* [WHAT YOU NEED TO DO]: Show each line in the listing below that contains the word "metis".

** Opening PROVIDED RECORDS block **

lemma mat_trace_conj:
  assumes inv: "is_inverse_mat n P Q" and M: "M \<in> carrier_mat n n"
  shows "mat_trace (P * M * Q) = mat_trace (M :: 'a::field mat)"
proof -
  have P: "P \<in> carrier_mat n n" and Q: "Q \<in> carrier_mat n n" and QP: "Q * P = 1\<^sub>m n"
    using inv by (auto simp: is_inverse_mat_def)
  have "mat_trace (P * M * Q) = mat_trace (Q * (P * M))"
    using P M Q by (intro mat_trace_mult_comm[of _ n n]) auto
  also have "Q * (P * M) = M"
    using P M Q QP by (simp add: assoc_mult_mat[of _ n n _ n _ n, symmetric])
  finally show ?thesis .
qed

lemma conj_index:
  assumes P: "P \<in> carrier_mat n n" and E: "E \<in> carrier_mat n n" and Q: "Q \<in> carrier_mat n n"
    and i: "i < n" and j: "j < n"
  shows "(P * E * Q) $$ (i,j) = (\<Sum>b\<in>{0..<n}. \<Sum>a\<in>{0..<n}. P $$ (i,a) * E $$ (a,b) * Q $$ (b,j))"
  using P E Q i j by (simp add: scalar_prod_def sum_distrib_left mult.assoc) (rule sum.swap)

lemma poly_mat_eval_carrier: "M \<in> carrier_mat n n \<Longrightarrow> poly_mat_eval p M \<in> carrier_mat n n"
  by (simp add: poly_mat_eval_def)

lemma poly_mat_eval_conj:
  assumes inv: "is_inverse_mat n P Q" and M: "M \<in> carrier_mat n n"
  shows "poly_mat_eval p (P * M * Q) = P * poly_mat_eval p M * (Q :: 'a::field mat)"
proof -
  have P: "P \<in> carrier_mat n n" and Q: "Q \<in> carrier_mat n n" using inv by (auto simp: is_inverse_mat_def)
  have E: "poly_mat_eval p M \<in> carrier_mat n n" using M by (rule poly_mat_eval_carrier)
  have pow: "(P * M * Q) ^\<^sub>m k = P * M ^\<^sub>m k * Q" for k
    by (rule similar_mat_wit_pow_id[OF similar_mat_wit_of_inverse[OF inv M]])
  have dim: "dim_row (P * M * Q) = n" using P by simp
  show ?thesis
  proof (rule eq_matI)
    fix i j assume "i < dim_row (P * poly_mat_eval p M * Q)" "j < dim_col (P * poly_mat_eval p M * Q)"
    then have ij: "i < n" "j < n" using P Q by auto
    have "poly_mat_eval p (P * M * Q) $$ (i,j) =
        (\<Sum>k\<le>Polynomial.degree p. Polynomial.coeff p k *
          (\<Sum>b\<in>{0..<n}. \<Sum>a\<in>{0..<n}. P $$ (i,a) * (M ^\<^sub>m k) $$ (a,b) * Q $$ (b,j)))"
      unfolding poly_mat_eval_def using ij P M Q
      by (simp del: assoc_mult_mat index_mult_mat add: dim pow conj_index[OF P _ Q ij])
    also have "\<dots> = (\<Sum>b\<in>{0..<n}. \<Sum>a\<in>{0..<n}.
        P $$ (i,a) * (\<Sum>k\<le>Polynomial.degree p. Polynomial.coeff p k * (M ^\<^sub>m k) $$ (a,b)) * Q $$ (b,j))"
      by (simp add: sum_distrib_left sum_distrib_right sum.swap[of _ "{..Polynomial.degree p}"] ac_simps)
    also have "\<dots> = (P * poly_mat_eval p M * Q) $$ (i,j)"
      using M by (subst conj_index[OF P E Q ij]) (auto simp: poly_mat_eval_def intro!: sum.cong)
    finally show "poly_mat_eval p (P * M * Q) $$ (i,j) = (P * poly_mat_eval p M * Q) $$ (i,j)" .
  qed (use P Q M in \<open>auto simp: poly_mat_eval_def\<close>)
qed

lemma conj_inverse_pair:
  assumes inv: "is_inverse_mat n P Q" and M: "M \<in> carrier_mat n n"
  shows "Q * (P * M * Q) * P = (M :: 'a::field mat)"
proof -
  have P: "P \<in> carrier_mat n n" and Q: "Q \<in> carrier_mat n n" and QP: "Q * P = 1\<^sub>m n"
    using inv by (auto simp: is_inverse_mat_def)
  have "Q * (P * M * Q) * P = (Q * P) * M * (Q * P)"
    using P M Q by (simp add: assoc_mult_mat[of _ n n _ n _ n])
  then show ?thesis using QP M by simp
qed

lemma poly_mat_eval_conj_eq_0_iff:
  assumes inv: "is_inverse_mat n P Q" and M: "M \<in> carrier_mat n n"
  shows "poly_mat_eval q (P * M * Q) = 0\<^sub>m n n \<longleftrightarrow> poly_mat_eval q (M :: 'a::field mat) = 0\<^sub>m n n"
proof
  have P: "P \<in> carrier_mat n n" and Q: "Q \<in> carrier_mat n n" using inv by (auto simp: is_inverse_mat_def)
  assume "poly_mat_eval q (P * M * Q) = 0\<^sub>m n n"
  then have "Q * poly_mat_eval q (P * M * Q) * P = 0\<^sub>m n n" using P Q by simp
  then show "poly_mat_eval q M = 0\<^sub>m n n"
    using poly_mat_eval_conj[OF is_inverse_mat_sym[OF inv], of "P * M * Q"] conj_inverse_pair[OF inv M] P M Q
    by simp
next
  have P: "P \<in> carrier_mat n n" and Q: "Q \<in> carrier_mat n n" using inv by (auto simp: is_inverse_mat_def)
  assume "poly_mat_eval q M = 0\<^sub>m n n"
  then show "poly_mat_eval q (P * M * Q) = 0\<^sub>m n n" using P Q by (simp add: poly_mat_eval_conj[OF inv M])
qed

lemma semisimple_conj:
  assumes inv: "is_inverse_mat n P Q" and M: "M \<in> carrier_mat n n" and ss: "semisimple M"
  shows "semisimple (P * M * (Q :: 'a::field mat))"
proof -
  obtain p where "is_minimal_poly M p" and "rsquarefree (map_poly to_ac p)"
    using ss unfolding semisimple_def by blast
  moreover have "dim_row (P * M * Q) = n" "dim_row M = n" using inv M by (auto simp: is_inverse_mat_def)
  ultimately show ?thesis
    unfolding semisimple_def is_minimal_poly_def by (auto simp: poly_mat_eval_conj_eq_0_iff[OF inv M])
qed
(* Let $n=2$. The map $\mathcal M:\Omega\to\mathbb R^5$, $W=(w_1,u_1,w_2,u_2,\sigma)\mapsto(M_0,\dots,M_4)^T$ with $M_j=\sum_{i=1}^2 w_i\Delta_j(u_i,\sigma)$, is injective on $\Omega=\{W\in\mathbb R^5: w_1>0,\ w_2>0,\ u_1<u_2,\ \sigma>0\}$ if and only if the kernel satisfies $\mathfrak m_4\ge 3+\frac98\mathfrak m_3^2$.
   Context: Let $\mathcal K:\mathbb R\to[0,\infty)$ be a kernel with $\mathfrak m_j:=\int_{\mathbb R}\xi^j\mathcal K(\xi)\,d\xi<\infty$ for all $j\in\mathbb N$; the kernel is assumed normalized: $\mathfrak m_0=1$, $\mathfrak m_1=0$, $\mathfrak m_2=1$. For $u\in\mathbb R$, $\sigma>0$, $\Delta_j(u,\sigma)=\int_{\mathbb R}\xi^j\frac1\sigma\mathcal K\!\left(\frac{\xi-u}{\sigma}\right)d\xi=\sum_{k=0}^j\binom jk\mathfrak m_k\sigma^ku^{j-k}$. *)

theory Defs
  imports "HOL-Analysis.Analysis"
begin

definition kmoment :: "(real \<Rightarrow> real) \<Rightarrow> nat \<Rightarrow> real" where
  "kmoment K j = (LINT \<xi>|lborel. \<xi> ^ j * K \<xi>)"

definition Delta :: "(real \<Rightarrow> real) \<Rightarrow> nat \<Rightarrow> real \<Rightarrow> real \<Rightarrow> real" where
  "Delta K j u \<sigma> = (\<Sum>k\<le>j. real (j choose k) * kmoment K k * \<sigma> ^ k * u ^ (j - k))"

definition Mmap :: "(real \<Rightarrow> real) \<Rightarrow> real \<times> real \<times> real \<times> real \<times> real \<Rightarrow> real list" where
  "Mmap K W = (case W of (w1, u1, w2, u2, \<sigma>) \<Rightarrow>
     map (\<lambda>j. w1 * Delta K j u1 \<sigma> + w2 * Delta K j u2 \<sigma>) [0..<5])"

definition Omega :: "(real \<times> real \<times> real \<times> real \<times> real) set" where
  "Omega = {(w1, u1, w2, u2, \<sigma>). w1 > 0 \<and> w2 > 0 \<and> u1 < u2 \<and> \<sigma> > 0}"

end

theory Submission
  imports Defs
begin

(* Write a point of Omega as a total mass m times a two-point law with mean mu, variance v and
   third cumulant c; the fourth cumulant of such a law is c^2/v - 2 v^2. Smoothing by the kernel at
   scale s adds s^2, m_3 s^3 and (m_4 - 3) s^4 to the cumulants of orders 2, 3, 4, so the moments
   M_0, ..., M_4 determine m, mu and the triple (v + s^2, c + m_3 s^3, c^2/v - 2 v^2 + (m_4 - 3) s^4),
   while (v, c) determines the two-point law. Two scales x < y can produce the same triple iff
   (x + y)^2 (4 K - (5 - m_4)(x^2 + y^2)) <= m_3^2 (x^2 + x y + y^2)^2 at the common level
   K = v + s^2 > y^2: eliminating c rests on the sharp bound
   (v1 - v2)(c1^2 v2 - c2^2 v1) <= v1 v2 (c1 - c2)^2. As (x^2 + x y + y^2)^2 <= 9/8 (x + y)^2 (x^2 + y^2)
   with equality at x = y, this is impossible exactly when m_4 >= 3 + 9/8 m_3^2. *)

lemma Delta_upto_4:
  assumes "kmoment K 0 = 1" "kmoment K 1 = 0" "kmoment K 2 = 1"
  shows "Delta K 0 u s = 1" "Delta K 1 u s = u" "Delta K 2 u s = u^2 + s^2"
    "Delta K 3 u s = u^3 + 3 * u * s^2 + kmoment K 3 * s^3"
    "Delta K 4 u s = u^4 + 6 * u^2 * s^2 + 4 * kmoment K 3 * s^3 * u + kmoment K 4 * s^4"
  using assms by (simp_all add: Delta_def numeral_eq_Suc binomial_eq_0 algebra_simps)
text \<open>
  A free line \<open>c\<close> (one mapped below itself) either traps the half-plane \<open>{y \<le> c}\<close>, i.e.
  maps it into \<open>{y < c}\<close>, or the image of \<open>{y < c}\<close> covers \<open>{y \<ge> c}\<close>. A point of
  \<open>\<Theta>(A\<^sub>i)\<close> excludes the second case for the lower boundary line of \<open>A\<^sub>i\<close>, and then
  \<open>\<Gamma>\<^sub>0\<close> traps as well, since \<open>f\<close> is bounded on \<open>A\<^sub>0\<close>. A band between two trapping lines
  is orbit-convex: an orbit segment that starts and ends in it stays in it.

  For a closed, translation-invariant, orbit-convex set \<open>E\<close> in a band, every rotation number
  of \<open>E\<close> lies between the extreme rotation numbers of \<open>\<Theta>(E)\<close>. If every point of \<open>\<Theta>(E)\<close>
  is displaced by less than \<open>m c\<close> in \<open>m\<close> steps, then by compactness so is the midpoint of
  every sufficiently long orbit segment in \<open>E\<close>; cutting an orbit segment of length \<open>n\<close> into
  blocks of length \<open>m\<close> then bounds its displacement by \<open>n c + O(1)\<close>.
\<close>

section \<open>Translation-invariant observables and Birkhoff sums\<close>

definition shift :: "int \<Rightarrow> real \<times> real \<Rightarrow> real \<times> real" where
  "shift j z = (fst z + of_int j, snd z)"

lemma shift_simps [simp]: "fst (shift j z) = fst z + of_int j" "snd (shift j z) = snd z"
  by (simp_all add: shift_def)

lemma shift_shift [simp]: "shift i (shift j z) = shift (i + j) z"
  by (simp add: shift_def prod_eq_iff)

lemma shift_0 [simp]: "shift 0 z = z"
  by (simp add: shift_def)

definition shift_invariant :: "(real \<times> real \<Rightarrow> 'a) \<Rightarrow> bool" where
  "shift_invariant \<psi> \<longleftrightarrow> (\<forall>j z. \<psi> (shift j z) = \<psi> z)"

lemma shift_invariantD: "shift_invariant \<psi> \<Longrightarrow> \<psi> (shift j z) = \<psi> z"
  unfolding shift_invariant_def by blast

lemma shift_floor_in_unit_strip:
  "0 \<le> fst (shift (- \<lfloor>fst z\<rfloor>) z) \<and> fst (shift (- \<lfloor>fst z\<rfloor>) z) \<le> 1"
  using of_int_floor_le[of "fst z"] real_of_int_floor_add_one_gt[of "fst z"] by simp linarith

lemma shift_invariant_bounded_on_strip:
  fixes \<psi> :: "real \<times> real \<Rightarrow> real"
  assumes "continuous_on UNIV \<psi>" "shift_invariant \<psi>"
  obtains B where "\<And>z. a \<le> snd z \<Longrightarrow> snd z \<le> b \<Longrightarrow> \<bar>\<psi> z\<bar> \<le> B"
proof -
  have "compact (\<psi> ` ({0..1} \<times> {a..b}))"
    by (intro compact_continuous_image compact_Times compact_Icc continuous_on_subset[OF assms(1)]) auto
  then obtain B where "\<forall>x \<in> \<psi> ` ({0..1} \<times> {a..b}). norm x \<le> B"
    using compact_imp_bounded bounded_iff by blast
  then have B: "\<And>w. w \<in> {0..1} \<times> {a..b} \<Longrightarrow> \<bar>\<psi> w\<bar> \<le> B"
    by (metis image_eqI real_norm_def)
  show thesis
  proof
    fix z :: "real \<times> real" assume "a \<le> snd z" "snd z \<le> b"
    then have "shift (- \<lfloor>fst z\<rfloor>) z \<in> {0..1} \<times> {a..b}"
      using shift_floor_in_unit_strip[of z] by (auto simp: mem_Times_iff)
    with B show "\<bar>\<psi> z\<bar> \<le> B"
      using shift_invariantD[OF assms(2)] by metis
  qed
qed

definition birkhoff_sum :: "('a \<Rightarrow> 'a) \<Rightarrow> ('a \<Rightarrow> real) \<Rightarrow> nat \<Rightarrow> 'a \<Rightarrow> real" where
  "birkhoff_sum f \<psi> n z = (\<Sum>k<n. \<psi> ((f ^^ k) z))"

lemma birkhoff_sum_add:
  "birkhoff_sum f \<psi> (a + b) z = birkhoff_sum f \<psi> a z + birkhoff_sum f \<psi> b ((f ^^ a) z)"
proof (induction b)
  case (Suc b)
  have "(f ^^ (a + b)) z = (f ^^ b) ((f ^^ a) z)"
    by (metis add.commute comp_apply funpow_add)
  with Suc show ?case
    by (simp add: birkhoff_sum_def)
qed (simp add: birkhoff_sum_def)

lemma birkhoff_sum_uminus: "birkhoff_sum f (\<lambda>z. - \<psi> z) n z = - birkhoff_sum f \<psi> n z"
  by (simp add: birkhoff_sum_def sum_negf)

lemma abs_birkhoff_sum_le:
  assumes "\<And>k. k < n \<Longrightarrow> \<bar>\<psi> ((f ^^ k) z)\<bar> \<le> B"
  shows "\<bar>birkhoff_sum f \<psi> n z\<bar> \<le> real n * B"
proof -
  have "\<bar>birkhoff_sum f \<psi> n z\<bar> \<le> (\<Sum>k<n. \<bar>\<psi> ((f ^^ k) z)\<bar>)"
    unfolding birkhoff_sum_def by (rule sum_abs)
  also have "\<dots> \<le> real n * B"
    using sum_bounded_above[of "{..<n}" "\<lambda>k. \<bar>\<psi> ((f ^^ k) z)\<bar>" B] assms by simp
  finally show ?thesis .
qed
(* Suppose that (i) for every $j=1,\dots,J$, $\eta\mapsto h_j(Z_j,\theta_0,\eta)$, $\mathbf B\to L^2(Z_j)$, is Fréchet differentiable in a neighborhood of $\eta_0$ with derivative $b\mapsto S^{(j)}_{\theta_0,\eta_0}b$; (ii) for all $j$ there is a function $\nu_j$, known up to $(\theta_0,\eta_0)$, with $[S^{(j)}_{\theta_0,\eta_0}b](Z_j)=E[\nu_j(Y,\theta_0,\eta_0,b)\mid Z_j]$ for all $b\in\mathbf B$, and $\nu_j(Y,\theta_0,\eta_0,b)=b(V)'\tilde\nu_j(Y,\theta_0,\eta_0)$ for some $d_\eta$-vector $\tilde\nu_j$ of functions known up to $(\theta_0,\eta_0)$. Let $\langle b_1,b_2\rangle_{\mathbf B}=E[b_1(V)'b_2(V)]$. Then the adjoint $S^*_{\theta_0,\eta_0}:L^2(Z)\to\mathbf B$ of $S_{\theta_0,\eta_0}b=(S^{(1)}_{\theta_0,\eta_0}b,\dots,S^{(J)}_{\theta_0,\eta_0}b)$ exists, is linear and continuous, and is given by $[S^*_{\theta_0,\eta_0}g](V)=\sum_{j=1}^JE[\tilde\nu_j(Y,\theta_0,\eta_0)g_j(Z_j)\mid V]$ for $g=(g_1,\dots,g_J)\in L^2(Z)$.
   Context: $W=(Y,V,Z)$ is a random vector; $Z$ collects the distinct elements of conditioning vectors $Z_1,\dots,Z_J$. $\eta\in\mathbf B\subseteq\bigotimes^{d_\eta}L^2(V)$, a Hilbert space; $\theta\in\Theta\subset\mathbb R^{d_\theta}$. Residual functions $m_j(Y,\theta,\eta)$ satisfy $E[m_j(Y,\theta_0,\eta_0)\mid Z_j]=0$ a.s., and $h_j(Z_j,\theta,\eta)=E[m_j(Y,\theta,\eta)\mid Z_j]$. $L^2(Z)=\bigotimes_{j=1}^JL^2(Z_j)$ with inner product $\langle f,g\rangle_{L^2(Z)}=\sum_jE[f_j(Z_j)g_j(Z_j)]$. The adjoint satisfies $\langle S b,g\rangle_{L^2(Z)}=\langle b,S^*g\rangle_{\mathbf B}$. *)

theory Defs
  imports "HOL-Probability.Probability"
begin

definition sigma_gen :: "'a measure \<Rightarrow> ('a \<Rightarrow> 'b) \<Rightarrow> 'b measure \<Rightarrow> 'a measure" where
  "sigma_gen M X N = vimage_algebra (space M) X N"

definition cond_exp_given :: "'a measure \<Rightarrow> ('a \<Rightarrow> 'b) \<Rightarrow> 'b measure \<Rightarrow> ('a \<Rightarrow> real) \<Rightarrow> 'a \<Rightarrow> real" where
  "cond_exp_given M X N f = real_cond_exp M (sigma_gen M X N) f"

definition L2_of :: "'a measure \<Rightarrow> ('a \<Rightarrow> 'b) \<Rightarrow> 'b measure \<Rightarrow> ('b \<Rightarrow> 'c::euclidean_space) \<Rightarrow> bool" where
  "L2_of M X N f \<longleftrightarrow> f \<in> borel_measurable N \<and> integrable M (\<lambda>\<omega>. (norm (f (X \<omega>)))\<^sup>2)"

** Closing PROVIDED RECORDS block **

* [ANSWER SPACE]:
    by (metis image_eqI real_norm_def)
      using shift_invariantD[OF assms(2)] by metis
    by (metis add.commute comp_apply funpow_add)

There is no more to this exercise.